To what extent does the grammar architecture follows the description logic family ALC, for example is it possible to include number restrictions such as "has only 5 side effects", how do restrictions on individuals are encoded, is it possible to express query such as "all drugs without side effect X" or "drugs with solubility of X and without solubility of Y"?

More specific questions concerning SPARQL statements are: How does the grammar deal with optional statements? Are there mechanisms to adjust the output with statements such as, ORDER BY, LIMIT X?

One of the decisions taken in Algorithm 1 (page 9) is the choice of tree "with minimal length", is the smallest tree always the right tree, i.e. the right analyse of the sentence? what is this assumption based on? A reference to previous work or a motivation for this choice could be added.

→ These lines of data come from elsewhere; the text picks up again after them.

lemma recursive_ineq_unrolled:
  fixes a g b :: "nat \<Rightarrow> real"
  assumes "\<And>k. 0 \<le> g k" "\<And>k. g k \<le> 1" "\<And>k. 0 \<le> b k"
    and rec: "\<And>k. N \<le> k \<Longrightarrow> a (Suc k) \<le> (1 - g k) * a k + g k * e + b k"
  shows "max (a (N + j) - e) 0 \<le> (\<Prod>i<j. 1 - g (N + i)) * max (a N - e) 0 + (\<Sum>i<j. b (N + i))"
proof (induction j)
  case (Suc j)
  define k where "k = N + j"
  define p where "p = (\<Prod>i<j. 1 - g (N + i))"
  define s where "s = (\<Sum>i<j. b (N + i))"
  have "a (Suc k) - e \<le> (1 - g k) * (a k - e) + b k"
    using rec[of k] unfolding k_def by (simp add: algebra_simps)
  also have "\<dots> \<le> (1 - g k) * max (a k - e) 0 + b k"
    using assms(2) by (intro add_right_mono mult_left_mono) auto
  also have "\<dots> \<le> (1 - g k) * (p * max (a N - e) 0 + s) + b k"
    using Suc.IH assms(2) unfolding k_def p_def s_def by (intro add_right_mono mult_left_mono) auto
  also have "\<dots> \<le> (1 - g k) * p * max (a N - e) 0 + s + b k"
  proof -
    have "0 \<le> s" unfolding s_def using assms(3) by (simp add: sum_nonneg)
    then have "(1 - g k) * s \<le> s" using assms(1)[of k] by (simp add: algebra_simps)
    then show ?thesis by (simp add: algebra_simps)
  qed
  finally have "a (N + Suc j) - e \<le> (\<Prod>i<Suc j. 1 - g (N + i)) * max (a N - e) 0 + (\<Sum>i<Suc j. b (N + i))"
    unfolding k_def p_def s_def by (simp add: algebra_simps)
  moreover have "0 \<le> (\<Prod>i<Suc j. 1 - g (N + i)) * max (a N - e) 0 + (\<Sum>i<Suc j. b (N + i))"
    using assms by (intro add_nonneg_nonneg mult_nonneg_nonneg prod_nonneg sum_nonneg) auto
  ultimately show ?case by simp
qed simp

lemma recursive_ineq_eventually_le:
  fixes a g d b :: "nat \<Rightarrow> real"
  assumes g: "\<And>k. 0 \<le> g k" "\<And>k. g k \<le> 1" "\<not> summable g"
    and d: "eventually (\<lambda>k. d k \<le> e) sequentially"
    and b: "\<And>k. 0 \<le> b k" "summable b"
    and rec: "\<And>k. a (Suc k) \<le> (1 - g k) * a k + g k * d k + b k"
    and "e > 0"
  shows "eventually (\<lambda>k. a k \<le> 3 * e) sequentially"
proof -
  obtain N1 where N1: "\<And>k. N1 \<le> k \<Longrightarrow> d k \<le> e"
    using d by (auto simp: eventually_sequentially)
  obtain N2 where N2: "\<And>n. N2 \<le> n \<Longrightarrow> norm (\<Sum>i. b (i + n)) < e"
    using suminf_exist_split[OF \<open>e > 0\<close> b(2)] by blast
  define N where "N = max N1 N2"
  have "a (Suc k) \<le> (1 - g k) * a k + g k * e + b k" if "N \<le> k" for k
    using rec[of k] mult_left_mono[OF N1 g(1)[of k]] that unfolding N_def by fastforce
  then have unrolled: "max (a (N + j) - e) 0
      \<le> (\<Prod>i<j. 1 - g (N + i)) * max (a N - e) 0 + (\<Sum>i<j. b (N + i))" for j
    using g b(1) by (intro recursive_ineq_unrolled) auto
  have "(\<Sum>i<j. b (N + i)) \<le> e" for j
  proof -
    have "(\<Sum>i<j. b (N + i)) \<le> (\<Sum>i. b (i + N))"
      using b by (simp add: add.commute sum_le_suminf)
    also have "\<dots> \<le> e"
      using N2[of N] unfolding N_def by simp
    finally show ?thesis .
  qed
  moreover have "eventually (\<lambda>j. (\<Prod>i<j. 1 - g (N + i)) * max (a N - e) 0 < e) sequentially"
  proof (rule order_tendstoD(2))
    show "(\<lambda>j. (\<Prod>i<j. 1 - g (N + i)) * max (a N - e) 0) \<longlonglongrightarrow> 0 * max (a N - e) 0"
      by (intro tendsto_mult prod_one_minus_tendsto_zero g tendsto_const)
  qed (simp add: \<open>e > 0\<close>)
  ultimately have "eventually (\<lambda>j. a (j + N) \<le> 3 * e) sequentially"
    using unrolled \<open>e > 0\<close> by (elim eventually_mono) (smt (verit, best) add.commute)
  then show ?thesis
    by (rule eventually_sequentially_seg[THEN iffD1])
qed

lemma recursive_ineq_tendsto_zero:
  fixes a g d b :: "nat \<Rightarrow> real"
  assumes "\<And>k. 0 \<le> a k" and g: "\<And>k. 0 \<le> g k" "\<And>k. g k \<le> 1" "\<not> summable g"
    and d: "\<And>e. e > 0 \<Longrightarrow> eventually (\<lambda>k. d k \<le> e) sequentially"
    and b: "\<And>k. 0 \<le> b k" "summable b"
    and rec: "\<And>k. a (Suc k) \<le> (1 - g k) * a k + g k * d k + b k"
  shows "a \<longlonglongrightarrow> 0"
proof (rule order_tendstoI)
  fix y :: real
  assume "y > 0"
  then have "eventually (\<lambda>k. a k \<le> 3 * (y / 4)) sequentially"
    using recursive_ineq_eventually_le[OF g d b rec, of "y / 4"] by simp
  then show "eventually (\<lambda>k. a k < y) sequentially"
    using \<open>y > 0\<close> by (elim eventually_mono) simp
next
  fix y :: real
  assume "y < 0"
  then show "eventually (\<lambda>k. y < a k) sequentially"
    using assms(1) by (simp add: less_le_trans)
qed

section \<open>Halpern iterations\<close>

lemma norm_scaleR_add_sq_le:
  fixes a c :: "'a::real_inner"
  shows "norm (l *\<^sub>R a + c)^2 \<le> norm c ^ 2 + 2 * l * inner a (l *\<^sub>R a + c)"
proof -
  have "norm (l *\<^sub>R a + c)^2 = norm c ^ 2 + 2 * l * inner a (l *\<^sub>R a + c) - l^2 * norm a ^ 2"
    by (simp add: power2_norm_eq_inner inner_add_left inner_add_right inner_commute algebra_simps
        power2_eq_square[of l])
  then show ?thesis by simp
qed

context
  fixes lam :: "nat \<Rightarrow> real" and T :: "'a::real_inner \<Rightarrow> 'a" and u q :: 'a and x :: "nat \<Rightarrow> 'a"
  assumes steering: "steering_sequence lam"
    and nonexp: "\<And>y z. norm (T y - T z) \<le> norm (y - z)"
    and fixed: "T q = q"
    and halpern: "\<And>k. x (Suc k) = lam k *\<^sub>R u + (1 - lam k) *\<^sub>R T (x k)"
begin

private lemma lam_bounds: "0 \<le> lam k" "lam k \<le> 1"
  using steering unfolding steering_sequence_def by auto

private lemma T_dist_le: "norm (T y - q) \<le> norm (y - q)"
  using nonexp[of y q] fixed by simp

lemma halpern_bounded: "norm (x k - q) \<le> max (norm (u - q)) (norm (x 0 - q))"
  (is "_ \<le> ?R")
proof (induction k)
  case (Suc k)
  have "x (Suc k) - q = lam k *\<^sub>R (u - q) + (1 - lam k) *\<^sub>R (T (x k) - q)"
    unfolding halpern by (simp add: algebra_simps)
  then have "norm (x (Suc k) - q) \<le> lam k * norm (u - q) + (1 - lam k) * norm (T (x k) - q)"
    using lam_bounds[of k] by (metis abs_of_nonneg diff_ge_0_iff_ge norm_scaleR norm_triangle_ineq)
  also have "\<dots> \<le> lam k * ?R + (1 - lam k) * ?R"
    using lam_bounds[of k] T_dist_le[of "x k"] Suc.IH by (intro add_mono mult_left_mono) auto
  finally show ?case by (simp add: algebra_simps)
qed simp

lemma halpern_anchor_dist_bounded: obtains M where "\<And>k. norm (u - T (x k)) \<le> M"
proof
  fix k
  have "norm (u - T (x k)) \<le> norm (u - q) + norm (T (x k) - q)"
    using norm_triangle_ineq[of "u - q" "q - T (x k)"] by (simp add: norm_minus_commute)
  also have "\<dots> \<le> norm (u - q) + max (norm (u - q)) (norm (x 0 - q))"
    using T_dist_le[of "x k"] halpern_bounded[of k] by simp
  finally show "norm (u - T (x k)) \<le> norm (u - q) + max (norm (u - q)) (norm (x 0 - q))" .
qed

lemma halpern_asymptotically_regular: "(\<lambda>k. x (Suc k) - x k) \<longlonglongrightarrow> 0"
proof -
  obtain M where M: "\<And>k. norm (u - T (x k)) \<le> M"
    using halpern_anchor_dist_bounded by blast
  have "(\<lambda>k. norm (x (Suc k) - x k)) \<longlonglongrightarrow> 0"
  proof (rule recursive_ineq_tendsto_zero[where g = "\<lambda>k. lam (Suc k)" and d = "\<lambda>k. 0"
        and b = "\<lambda>k. M * \<bar>lam (Suc k) - lam k\<bar>"])
    show "\<not> summable (\<lambda>k. lam (Suc k))"
      using steering unfolding steering_sequence_def by (simp add: summable_Suc_iff)
    show "summable (\<lambda>k. M * \<bar>lam (Suc k) - lam k\<bar>)"
      using steering unfolding steering_sequence_def by (simp add: summable_mult)
    show "0 \<le> M * \<bar>lam (Suc k) - lam k\<bar>" for k
      using M[of k] norm_ge_zero order_trans by (metis abs_ge_zero mult_nonneg_nonneg)
    fix k
    have "x (Suc (Suc k)) - x (Suc k)
        = (lam (Suc k) - lam k) *\<^sub>R (u - T (x k)) + (1 - lam (Suc k)) *\<^sub>R (T (x (Suc k)) - T (x k))"
      unfolding halpern[of "Suc k"] halpern[of k] by (simp add: algebra_simps)
    then have "norm (x (Suc (Suc k)) - x (Suc k))
        \<le> \<bar>lam (Suc k) - lam k\<bar> * norm (u - T (x k))
          + \<bar>1 - lam (Suc k)\<bar> * norm (T (x (Suc k)) - T (x k))"
      by (metis norm_scaleR norm_triangle_ineq)
    also have "\<dots> \<le> \<bar>lam (Suc k) - lam k\<bar> * M + (1 - lam (Suc k)) * norm (x (Suc k) - x k)"
    proof (rule add_mono)
      show "\<bar>lam (Suc k) - lam k\<bar> * norm (u - T (x k)) \<le> \<bar>lam (Suc k) - lam k\<bar> * M"
        using M[of k] by (simp add: mult_left_mono)
      show "\<bar>1 - lam (Suc k)\<bar> * norm (T (x (Suc k)) - T (x k))
          \<le> (1 - lam (Suc k)) * norm (x (Suc k) - x k)"
        using nonexp lam_bounds[of "Suc k"] by (simp add: mult_left_mono)
    qed
    finally show "norm (x (Suc (Suc k)) - x (Suc k))
        \<le> (1 - lam (Suc k)) * norm (x (Suc k) - x k) + lam (Suc k) * 0 + M * \<bar>lam (Suc k) - lam k\<bar>"
      by (simp add: algebra_simps)
  qed (use lam_bounds in auto)
  then show ?thesis
    by (simp add: tendsto_norm_zero_iff)
qed

lemma halpern_residual_tendsto_zero: "(\<lambda>k. x k - T (x k)) \<longlonglongrightarrow> 0"
proof -
  obtain M where M: "\<And>k. norm (u - T (x k)) \<le> M"
    using halpern_anchor_dist_bounded by blast
  have bound: "norm (x k - T (x k)) \<le> norm (x (Suc k) - x k) + lam k * M" for k
  proof -
    have "x k - T (x k) = (x k - x (Suc k)) + lam k *\<^sub>R (u - T (x k))"
      unfolding halpern by (simp add: algebra_simps)
    then have "norm (x k - T (x k)) \<le> norm (x k - x (Suc k)) + lam k * norm (u - T (x k))"
      using lam_bounds[of k] by (metis abs_of_nonneg norm_scaleR norm_triangle_ineq)
    also have "\<dots> \<le> norm (x (Suc k) - x k) + lam k * M"
      using lam_bounds[of k] M[of k] by (simp add: norm_minus_commute mult_left_mono)
    finally show ?thesis .
  qed
  have "(\<lambda>k. norm (x (Suc k) - x k) + lam k * M) \<longlonglongrightarrow> 0"
  proof -
    have "lam \<longlonglongrightarrow> 0"
      using steering unfolding steering_sequence_def by simp
    then have "(\<lambda>k. lam k * M) \<longlonglongrightarrow> 0"
      by (rule tendsto_mult_left_zero)
    with tendsto_norm_zero[OF halpern_asymptotically_regular] show ?thesis
      by (rule tendsto_add_zero)
  qed
  then show ?thesis
    by (rule Lim_null_comparison[rotated]) (simp add: bound)
qed

lemma halpern_tendsto:
  assumes "\<And>e. e > 0 \<Longrightarrow> eventually (\<lambda>k. inner (u - q) (x k - q) \<le> e) sequentially"
  shows "x \<longlonglongrightarrow> q"
proof -
  have "(\<lambda>k. norm (x k - q)^2) \<longlonglongrightarrow> 0"
  proof (rule recursive_ineq_tendsto_zero[where g = lam and d = "\<lambda>k. 2 * inner (u - q) (x (Suc k) - q)"
        and b = "\<lambda>k. 0"])
    show "\<not> summable lam"
      using steering unfolding steering_sequence_def by simp
    show "\<forall>\<^sub>F k in sequentially. 2 * inner (u - q) (x (Suc k) - q) \<le> e" if "e > 0" for e
    proof -
      have "\<forall>\<^sub>F k in sequentially. inner (u - q) (x k - q) \<le> e / 2"
        using assms[of "e / 2"] that by simp
      then have "\<forall>\<^sub>F k in sequentially. inner (u - q) (x (Suc k) - q) \<le> e / 2"
        by (rule eventually_sequentially_Suc[THEN iffD2])
      then show ?thesis
        by (rule eventually_mono) simp
    qed
    fix k
    have "x (Suc k) - q = lam k *\<^sub>R (u - q) + (1 - lam k) *\<^sub>R (T (x k) - q)"
      unfolding halpern by (simp add: algebra_simps)
    then have "norm (x (Suc k) - q)^2
        \<le> (1 - lam k)^2 * norm (T (x k) - q)^2 + 2 * lam k * inner (u - q) (x (Suc k) - q)"
      using norm_scaleR_add_sq_le[of "lam k" "u - q" "(1 - lam k) *\<^sub>R (T (x k) - q)"]
      by (simp add: power_mult_distrib)
    also have "(1 - lam k)^2 * norm (T (x k) - q)^2 \<le> (1 - lam k) * norm (x k - q)^2"
    proof (rule mult_mono)
      show "(1 - lam k)^2 \<le> 1 - lam k"
        using lam_bounds[of k] by (simp add: power2_eq_square mult_left_le_one_le)
      show "norm (T (x k) - q)^2 \<le> norm (x k - q)^2"
        using T_dist_le[of "x k"] by (simp add: power_mono)
    qed (use lam_bounds[of k] in simp_all)
    finally show "norm (x (Suc k) - q)^2 \<le> (1 - lam k) * norm (x k - q)^2
        + lam k * (2 * inner (u - q) (x (Suc k) - q)) + 0"
      by simp
  qed (simp_all add: lam_bounds)
  then have "(\<lambda>k. norm (x k - q)) \<longlonglongrightarrow> 0"
    using tendsto_real_sqrt by fastforce
  then show ?thesis
    by (simp add: LIM_zero_iff tendsto_norm_zero_iff)
qed

end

The author lists several limitations in the Romanian resource grammar (Section 4), were these due to direct translations from English? The number of terms extracted in Romanian is 1815, how accurate are these terms? were they evaluated?

(3) quality of writing.
The paper is clearly written and well presented. There is a clear description of the functions and the categories of the system.

Was the grammar released as a part of GF RGL? Figure 12 illustrates a user friendly front-end for the system, is it freely available?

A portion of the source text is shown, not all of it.